● The task:
Go to the line containing "and G G' G''" in the records below and print it and every following line exactly, on through the line containing "s \<Longrightarrow> U", then stop.

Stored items
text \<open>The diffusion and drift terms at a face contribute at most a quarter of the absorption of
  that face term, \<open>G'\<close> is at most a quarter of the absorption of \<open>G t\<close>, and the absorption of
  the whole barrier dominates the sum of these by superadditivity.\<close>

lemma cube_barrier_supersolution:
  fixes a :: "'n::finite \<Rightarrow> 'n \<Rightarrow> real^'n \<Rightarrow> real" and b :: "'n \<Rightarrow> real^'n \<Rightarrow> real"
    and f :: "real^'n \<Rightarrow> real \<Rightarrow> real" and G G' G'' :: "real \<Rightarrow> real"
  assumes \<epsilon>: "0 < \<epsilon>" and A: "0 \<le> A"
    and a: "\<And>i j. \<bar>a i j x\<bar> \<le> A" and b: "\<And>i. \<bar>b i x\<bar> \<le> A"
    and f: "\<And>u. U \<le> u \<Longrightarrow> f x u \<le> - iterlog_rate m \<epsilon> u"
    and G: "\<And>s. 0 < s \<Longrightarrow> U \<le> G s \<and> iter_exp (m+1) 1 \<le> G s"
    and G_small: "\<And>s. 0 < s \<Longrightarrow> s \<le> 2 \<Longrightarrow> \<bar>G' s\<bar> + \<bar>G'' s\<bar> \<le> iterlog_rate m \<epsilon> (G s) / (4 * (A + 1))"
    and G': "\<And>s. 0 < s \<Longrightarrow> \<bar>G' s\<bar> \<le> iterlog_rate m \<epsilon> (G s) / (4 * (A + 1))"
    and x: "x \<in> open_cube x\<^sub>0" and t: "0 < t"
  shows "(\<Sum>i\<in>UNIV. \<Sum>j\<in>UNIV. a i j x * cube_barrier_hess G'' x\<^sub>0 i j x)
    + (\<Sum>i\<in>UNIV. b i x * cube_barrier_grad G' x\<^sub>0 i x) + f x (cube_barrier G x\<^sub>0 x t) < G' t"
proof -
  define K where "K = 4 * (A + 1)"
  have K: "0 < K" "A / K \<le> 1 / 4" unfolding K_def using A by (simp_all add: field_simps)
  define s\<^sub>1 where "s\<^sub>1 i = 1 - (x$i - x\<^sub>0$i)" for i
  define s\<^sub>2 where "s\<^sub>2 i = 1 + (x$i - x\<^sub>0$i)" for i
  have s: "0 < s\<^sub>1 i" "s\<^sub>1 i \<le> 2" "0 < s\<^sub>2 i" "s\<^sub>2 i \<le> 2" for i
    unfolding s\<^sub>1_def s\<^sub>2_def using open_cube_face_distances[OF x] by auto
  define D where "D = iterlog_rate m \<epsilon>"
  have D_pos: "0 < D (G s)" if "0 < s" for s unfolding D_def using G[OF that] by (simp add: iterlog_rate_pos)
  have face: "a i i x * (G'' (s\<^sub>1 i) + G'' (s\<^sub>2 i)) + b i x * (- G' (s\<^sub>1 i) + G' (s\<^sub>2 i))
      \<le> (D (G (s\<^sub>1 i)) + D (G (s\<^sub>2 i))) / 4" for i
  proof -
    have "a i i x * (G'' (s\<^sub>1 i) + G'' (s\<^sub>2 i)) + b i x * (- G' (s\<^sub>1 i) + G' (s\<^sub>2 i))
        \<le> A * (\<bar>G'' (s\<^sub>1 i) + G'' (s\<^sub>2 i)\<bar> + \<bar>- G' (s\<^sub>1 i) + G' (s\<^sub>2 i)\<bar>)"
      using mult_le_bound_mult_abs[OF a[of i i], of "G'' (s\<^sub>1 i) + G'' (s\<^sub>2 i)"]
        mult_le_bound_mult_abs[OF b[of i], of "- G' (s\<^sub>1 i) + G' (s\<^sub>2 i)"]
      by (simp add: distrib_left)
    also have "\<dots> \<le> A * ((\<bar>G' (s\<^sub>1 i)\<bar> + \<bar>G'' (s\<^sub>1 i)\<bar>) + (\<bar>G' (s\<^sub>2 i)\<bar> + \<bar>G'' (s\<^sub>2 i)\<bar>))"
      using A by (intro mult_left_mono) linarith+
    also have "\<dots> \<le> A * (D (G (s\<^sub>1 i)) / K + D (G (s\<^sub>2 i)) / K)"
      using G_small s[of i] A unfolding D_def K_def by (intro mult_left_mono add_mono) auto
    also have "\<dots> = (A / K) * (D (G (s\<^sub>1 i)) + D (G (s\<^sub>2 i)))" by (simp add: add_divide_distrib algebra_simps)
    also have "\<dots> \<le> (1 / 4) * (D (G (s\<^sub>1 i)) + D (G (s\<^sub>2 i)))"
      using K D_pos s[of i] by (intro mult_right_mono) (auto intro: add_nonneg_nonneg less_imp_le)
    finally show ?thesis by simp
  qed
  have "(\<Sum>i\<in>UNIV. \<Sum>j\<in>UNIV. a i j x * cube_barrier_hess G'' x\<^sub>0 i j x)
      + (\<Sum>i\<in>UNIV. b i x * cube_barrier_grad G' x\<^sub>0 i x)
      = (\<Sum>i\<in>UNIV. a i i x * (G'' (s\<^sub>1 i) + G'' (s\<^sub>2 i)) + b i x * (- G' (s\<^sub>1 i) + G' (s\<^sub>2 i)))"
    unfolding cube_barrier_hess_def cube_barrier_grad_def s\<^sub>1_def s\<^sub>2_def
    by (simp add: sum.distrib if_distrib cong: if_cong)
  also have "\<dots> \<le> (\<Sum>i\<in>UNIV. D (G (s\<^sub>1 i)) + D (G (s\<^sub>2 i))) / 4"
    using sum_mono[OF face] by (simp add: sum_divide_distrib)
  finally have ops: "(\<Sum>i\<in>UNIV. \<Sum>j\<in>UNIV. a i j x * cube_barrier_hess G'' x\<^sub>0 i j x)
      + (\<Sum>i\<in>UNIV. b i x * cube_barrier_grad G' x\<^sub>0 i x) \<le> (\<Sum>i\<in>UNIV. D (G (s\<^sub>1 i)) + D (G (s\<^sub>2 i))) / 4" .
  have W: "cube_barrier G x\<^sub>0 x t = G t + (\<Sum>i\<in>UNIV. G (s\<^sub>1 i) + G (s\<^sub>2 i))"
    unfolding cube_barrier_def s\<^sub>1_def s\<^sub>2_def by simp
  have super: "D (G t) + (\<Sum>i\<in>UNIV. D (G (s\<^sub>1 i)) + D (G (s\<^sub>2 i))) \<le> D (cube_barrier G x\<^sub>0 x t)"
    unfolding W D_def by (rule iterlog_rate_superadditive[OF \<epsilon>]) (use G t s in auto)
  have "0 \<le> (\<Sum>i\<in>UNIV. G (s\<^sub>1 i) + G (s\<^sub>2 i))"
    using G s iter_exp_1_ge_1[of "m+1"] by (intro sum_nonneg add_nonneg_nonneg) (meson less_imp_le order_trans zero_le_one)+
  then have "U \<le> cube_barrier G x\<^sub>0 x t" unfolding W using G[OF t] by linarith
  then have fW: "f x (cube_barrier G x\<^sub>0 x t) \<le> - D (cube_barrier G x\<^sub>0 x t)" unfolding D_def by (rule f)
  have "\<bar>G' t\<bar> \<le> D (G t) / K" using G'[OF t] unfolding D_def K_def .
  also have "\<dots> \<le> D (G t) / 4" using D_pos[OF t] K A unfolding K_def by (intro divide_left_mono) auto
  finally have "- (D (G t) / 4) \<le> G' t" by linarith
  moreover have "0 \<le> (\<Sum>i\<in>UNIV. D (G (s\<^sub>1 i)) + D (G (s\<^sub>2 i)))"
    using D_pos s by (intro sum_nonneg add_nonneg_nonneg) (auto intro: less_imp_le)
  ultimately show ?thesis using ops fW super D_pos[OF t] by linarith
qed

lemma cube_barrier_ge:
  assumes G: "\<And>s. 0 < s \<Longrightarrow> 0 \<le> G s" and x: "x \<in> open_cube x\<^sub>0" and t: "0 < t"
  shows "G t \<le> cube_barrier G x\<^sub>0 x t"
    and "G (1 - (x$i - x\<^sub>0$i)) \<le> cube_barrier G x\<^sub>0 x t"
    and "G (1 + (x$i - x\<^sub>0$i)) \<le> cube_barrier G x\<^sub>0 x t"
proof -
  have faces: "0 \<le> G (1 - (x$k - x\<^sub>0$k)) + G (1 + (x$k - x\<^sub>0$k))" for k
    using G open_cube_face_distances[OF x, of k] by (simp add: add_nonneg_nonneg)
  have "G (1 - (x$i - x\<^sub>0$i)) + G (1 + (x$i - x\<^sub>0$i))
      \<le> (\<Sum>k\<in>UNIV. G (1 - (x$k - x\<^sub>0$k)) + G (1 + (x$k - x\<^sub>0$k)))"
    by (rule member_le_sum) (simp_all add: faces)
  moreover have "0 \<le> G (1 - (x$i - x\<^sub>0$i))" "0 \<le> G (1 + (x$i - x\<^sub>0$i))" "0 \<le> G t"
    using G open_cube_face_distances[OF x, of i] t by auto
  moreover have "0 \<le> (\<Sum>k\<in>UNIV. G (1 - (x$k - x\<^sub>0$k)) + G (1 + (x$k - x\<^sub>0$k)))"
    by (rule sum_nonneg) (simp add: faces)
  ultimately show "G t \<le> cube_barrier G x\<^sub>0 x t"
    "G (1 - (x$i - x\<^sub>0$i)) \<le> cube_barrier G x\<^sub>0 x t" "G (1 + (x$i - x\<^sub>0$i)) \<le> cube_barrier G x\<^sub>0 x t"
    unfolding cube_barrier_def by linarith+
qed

==

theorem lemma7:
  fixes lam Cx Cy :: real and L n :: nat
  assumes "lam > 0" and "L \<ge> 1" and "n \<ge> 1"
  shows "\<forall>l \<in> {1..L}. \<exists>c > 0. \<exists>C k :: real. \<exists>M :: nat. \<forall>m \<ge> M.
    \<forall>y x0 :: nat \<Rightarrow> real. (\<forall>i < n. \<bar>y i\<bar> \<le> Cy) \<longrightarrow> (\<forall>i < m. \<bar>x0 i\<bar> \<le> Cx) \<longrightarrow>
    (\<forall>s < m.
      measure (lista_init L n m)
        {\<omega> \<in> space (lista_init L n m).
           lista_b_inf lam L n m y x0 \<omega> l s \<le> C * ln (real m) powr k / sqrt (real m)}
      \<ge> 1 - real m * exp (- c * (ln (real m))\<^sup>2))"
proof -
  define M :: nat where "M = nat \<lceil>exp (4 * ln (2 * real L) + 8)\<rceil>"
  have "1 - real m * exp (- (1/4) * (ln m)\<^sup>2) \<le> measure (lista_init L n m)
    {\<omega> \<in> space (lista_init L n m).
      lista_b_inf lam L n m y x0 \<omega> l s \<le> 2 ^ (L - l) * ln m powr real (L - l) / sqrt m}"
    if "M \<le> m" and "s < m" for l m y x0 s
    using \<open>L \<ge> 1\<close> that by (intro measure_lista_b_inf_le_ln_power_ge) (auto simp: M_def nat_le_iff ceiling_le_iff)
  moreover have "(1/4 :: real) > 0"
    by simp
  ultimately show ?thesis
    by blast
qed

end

● Task response:
    and f :: "real^'n \<Rightarrow> real \<Rightarrow> real" and G G' G'' :: "real \<Rightarrow> real"
  assumes \<epsilon>: "0 < \<epsilon>" and A: "0 \<le> A"
    and a: "\<And>i j. \<bar>a i j x\<bar> \<le> A" and b: "\<And>i. \<bar>b i x\<bar> \<le> A"
    and f: "\<And>u. U \<le> u \<Longrightarrow> f x u \<le> - iterlog_rate m \<epsilon> u"
    and G: "\<And>s. 0 < s \<Longrightarrow> U \<le> G s \<and> iter_exp (m+1) 1 \<le> G s"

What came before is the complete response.